**Description of the task:** Go through the entries below and copy every line that holds the word "step".

**Records for this task:**
(* The relations $\equiv_{\tt CS}$ and $\equiv_{\tt o}$ are strong bisimulations for $(\mathcal T,\to_{\lambda j})$, where $\mathcal T$ is the set of $\lambda j$-terms.
   Context: $\lambda j$-terms are generated by $t,u::= x\mid \lambda x.t\mid t\,u\mid t[x/u]$ ($x$ ranging over variables); $\lambda x.t$ and $t[x/u]$ bind $x$ in $t$ (not in $u$), and terms are considered modulo $\alpha$-conversion. $\mathrm{fv}(t)$ is the set of free variables, $t\{x/u\}$ is capture-avoiding meta-level substitution, and $|t|_x$ is the number of free occurrences of $x$ in $t$. If $|t|_x=n\ge2$, $t_{[y]_x}$ denotes any term obtained from $t$ by replacing $k$ of the free occurrences of $x$ by a fresh variable $y$, for some $1\le k\le n-1$. ${\tt L}$ denotes a (possibly empty) list of jumps $[x_1/u_1]\dots[x_k/u_k]$. The rewriting rules, closed under all contexts, are: $({\tt dB})$ $(\lambda x.t){\tt L}\,u\to t[x/u]{\tt L}$ where no $x_i$ of ${\tt L}$ is free in $u$; $({\tt w})$ $t[x/u]\to t$ if $|t|_x=0$; $({\tt d})$ $t[x/u]\to t\{x/u\}$ if $|t|_x=1$; $({\tt c})$ $t[x/u]\to t_{[y]_x}[x/u][y/u]$ if $|t|_x\ge2$, $y$ fresh. $\to_{\lambda j}$ is the union of all four. $\equiv_{\tt CS}$ is the smallest equivalence closed under contexts containing $t[x/s][y/v]\sim t[y/v][x/s]$ whenever $x\notin\mathrm{fv}(v)$ and $y\notin\mathrm{fv}(s)$. $\equiv_{\tt o}$ (graphical equivalence) is the smallest equivalence closed under contexts containing that equation together with $\lambda y.(t[x/s])\sim(\lambda y.t)[x/s]$ if $y\notin\mathrm{fv}(s)$, and $t[x/s]\,v\sim(t\,v)[x/s]$ if $x\notin\mathrm{fv}(v)$. A strong bisimulation for a reduction system $(S,\to)$ is a relation ${\tt E}\subseteq S\times S$ such that whenever $s\,{\tt E}\,t$: if $s\to s'$ then there is $t'$ with $t\to t'$ and $s'\,{\tt E}\,t'$, and if $t\to t'$ then there is $s'$ with $s\to s'$ and $s'\,{\tt E}\,t'$. *)

theory Defs
  imports Main
begin

text \<open>lambda-j terms modulo alpha-conversion, represented with de Bruijn indices.
  Sub t u represents the jump t[x/u], where x is the index 0 bound in t (not in u).\<close>

datatype trm = Var nat | Lam trm | App trm trm | Sub trm trm

fun lift :: "nat \<Rightarrow> trm \<Rightarrow> trm" where
  "lift k (Var i) = Var (if i < k then i else Suc i)"
| "lift k (Lam t) = Lam (lift (Suc k) t)"
| "lift k (App t u) = App (lift k t) (lift k u)"
| "lift k (Sub t u) = Sub (lift (Suc k) t) (lift k u)"

text \<open>Shift free indices > k down by one (used when k is not free).\<close>
fun down :: "nat \<Rightarrow> trm \<Rightarrow> trm" where
  "down k (Var i) = Var (if i < k then i else i - 1)"
| "down k (Lam t) = Lam (down (Suc k) t)"
| "down k (App t u) = App (down k t) (down k u)"
| "down k (Sub t u) = Sub (down (Suc k) t) (down k u)"

fun subst :: "nat \<Rightarrow> trm \<Rightarrow> trm \<Rightarrow> trm" where
  "subst k u (Var i) = (if i < k then Var i else if i = k then u else Var (i - 1))"
| "subst k u (Lam t) = Lam (subst (Suc k) (lift 0 u) t)"
| "subst k u (App t s) = App (subst k u t) (subst k u s)"
| "subst k u (Sub t s) = Sub (subst (Suc k) (lift 0 u) t) (subst k u s)"

fun fv :: "trm \<Rightarrow> nat set" where
  "fv (Var i) = {i}"
| "fv (Lam t) = (\<lambda>i. i - 1) ` (fv t - {0})"
| "fv (App t u) = fv t \<union> fv u"
| "fv (Sub t u) = (\<lambda>i. i - 1) ` (fv t - {0}) \<union> fv u"

fun occ :: "nat \<Rightarrow> trm \<Rightarrow> nat" where
  "occ k (Var i) = (if i = k then 1 else 0)"
| "occ k (Lam t) = occ (Suc k) t"
| "occ k (App t u) = occ k t + occ k u"
| "occ k (Sub t u) = occ (Suc k) t + occ k u"

fun swap :: "nat \<Rightarrow> trm \<Rightarrow> trm" where
  "swap k (Var i) = Var (if i = k then Suc k else if i = Suc k then k else i)"
| "swap k (Lam t) = Lam (swap (Suc k) t)"
| "swap k (App t u) = App (swap k t) (swap k u)"
| "swap k (Sub t u) = Sub (swap (Suc k) t) (swap k u)"

text \<open>t L: appending a list of jumps [x1/u1]...[xk/uk] (u1 innermost).\<close>
fun jumps :: "trm \<Rightarrow> trm list \<Rightarrow> trm" where
  "jumps t [] = t"
| "jumps t (u # L) = jumps (Sub t u) L"

text \<open>split k t t': t' is obtained from t by inserting a fresh variable y at index k+1
  (shifting the other free indices >= k+1) and replacing some (possibly none/all)
  occurrences of x = index k by y.\<close>
inductive split :: "nat \<Rightarrow> trm \<Rightarrow> trm \<Rightarrow> bool" where
  split_keep: "split k (Var k) (Var k)"
| split_ren: "split k (Var k) (Var (Suc k))"
| split_lt: "i < k \<Longrightarrow> split k (Var i) (Var i)"
| split_gt: "k < i \<Longrightarrow> split k (Var i) (Var (Suc i))"
| split_lam: "split (Suc k) t t' \<Longrightarrow> split k (Lam t) (Lam t')"
| split_app: "split k t t' \<Longrightarrow> split k u u' \<Longrightarrow> split k (App t u) (App t' u')"
| split_sub: "split (Suc k) t t' \<Longrightarrow> split k u u' \<Longrightarrow> split k (Sub t u) (Sub t' u')"

inductive root :: "trm \<Rightarrow> trm \<Rightarrow> bool" where
  dB: "root (App (jumps (Lam t) L) u) (jumps (Sub t ((lift 0 ^^ length L) u)) L)"
| w: "occ 0 t = 0 \<Longrightarrow> root (Sub t u) (down 0 t)"
| d: "occ 0 t = 1 \<Longrightarrow> root (Sub t u) (subst 0 u t)"
| c: "occ 0 t \<ge> 2 \<Longrightarrow> split 0 t t' \<Longrightarrow> occ 0 t' \<ge> 1 \<Longrightarrow> occ 1 t' \<ge> 1 \<Longrightarrow>
      root (Sub t u) (Sub (Sub t' (lift 0 u)) u)"

inductive step :: "trm \<Rightarrow> trm \<Rightarrow> bool" where
  step_root: "root t t' \<Longrightarrow> step t t'"
| step_lam: "step t t' \<Longrightarrow> step (Lam t) (Lam t')"
| step_appl: "step t t' \<Longrightarrow> step (App t u) (App t' u)"
| step_appr: "step u u' \<Longrightarrow> step (App t u) (App t u')"
| step_subl: "step t t' \<Longrightarrow> step (Sub t u) (Sub t' u)"
| step_subr: "step u u' \<Longrightarrow> step (Sub t u) (Sub t u')"

text \<open>Equation t[x/s][y/v] ~ t[y/v][x/s] (y not free in s; x not free in v holds by alpha).\<close>
inductive cs_ax :: "trm \<Rightarrow> trm \<Rightarrow> bool" where
  "0 \<notin> fv s \<Longrightarrow> cs_ax (Sub (Sub t s) v) (Sub (Sub (swap 0 t) (lift 0 v)) (down 0 s))"

inductive o_ax :: "trm \<Rightarrow> trm \<Rightarrow> bool" where
  o_cs: "cs_ax t t' \<Longrightarrow> o_ax t t'"
| o_lam: "0 \<notin> fv s \<Longrightarrow> o_ax (Lam (Sub t s)) (Sub (Lam (swap 0 t)) (down 0 s))"
| o_app: "o_ax (App (Sub t s) v) (Sub (App t (lift 0 v)) s)"

inductive ctx_eq :: "(trm \<Rightarrow> trm \<Rightarrow> bool) \<Rightarrow> trm \<Rightarrow> trm \<Rightarrow> bool" for ax where
  eq_ax: "ax t t' \<Longrightarrow> ctx_eq ax t t'"
| eq_refl: "ctx_eq ax t t"
| eq_sym: "ctx_eq ax t t' \<Longrightarrow> ctx_eq ax t' t"
| eq_trans: "ctx_eq ax t t' \<Longrightarrow> ctx_eq ax t' t'' \<Longrightarrow> ctx_eq ax t t''"
| eq_lam: "ctx_eq ax t t' \<Longrightarrow> ctx_eq ax (Lam t) (Lam t')"
| eq_app: "ctx_eq ax t t' \<Longrightarrow> ctx_eq ax u u' \<Longrightarrow> ctx_eq ax (App t u) (App t' u')"
| eq_sub: "ctx_eq ax t t' \<Longrightarrow> ctx_eq ax u u' \<Longrightarrow> ctx_eq ax (Sub t u) (Sub t' u')"

definition eq_CS :: "trm \<Rightarrow> trm \<Rightarrow> bool" where "eq_CS = ctx_eq cs_ax"
definition eq_o :: "trm \<Rightarrow> trm \<Rightarrow> bool" where "eq_o = ctx_eq o_ax"

definition strong_bisim :: "('a \<Rightarrow> 'a \<Rightarrow> bool) \<Rightarrow> ('a \<Rightarrow> 'a \<Rightarrow> bool) \<Rightarrow> bool" where
  "strong_bisim r E \<longleftrightarrow> (\<forall>s t. E s t \<longrightarrow>
      (\<forall>s'. r s s' \<longrightarrow> (\<exists>t'. r t t' \<and> E s' t')) \<and>
      (\<forall>t'. r t t' \<longrightarrow> (\<exists>s'. r s s' \<and> E s' t')))"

**Output of the exercise:**
inductive step :: "trm \<Rightarrow> trm \<Rightarrow> bool" where
  step_root: "root t t' \<Longrightarrow> step t t'"
| step_lam: "step t t' \<Longrightarrow> step (Lam t) (Lam t')"
| step_appl: "step t t' \<Longrightarrow> step (App t u) (App t' u)"
| step_appr: "step u u' \<Longrightarrow> step (App t u) (App t u')"
| step_subl: "step t t' \<Longrightarrow> step (Sub t u) (Sub t' u)"
| step_subr: "step u u' \<Longrightarrow> step (Sub t u) (Sub t u')"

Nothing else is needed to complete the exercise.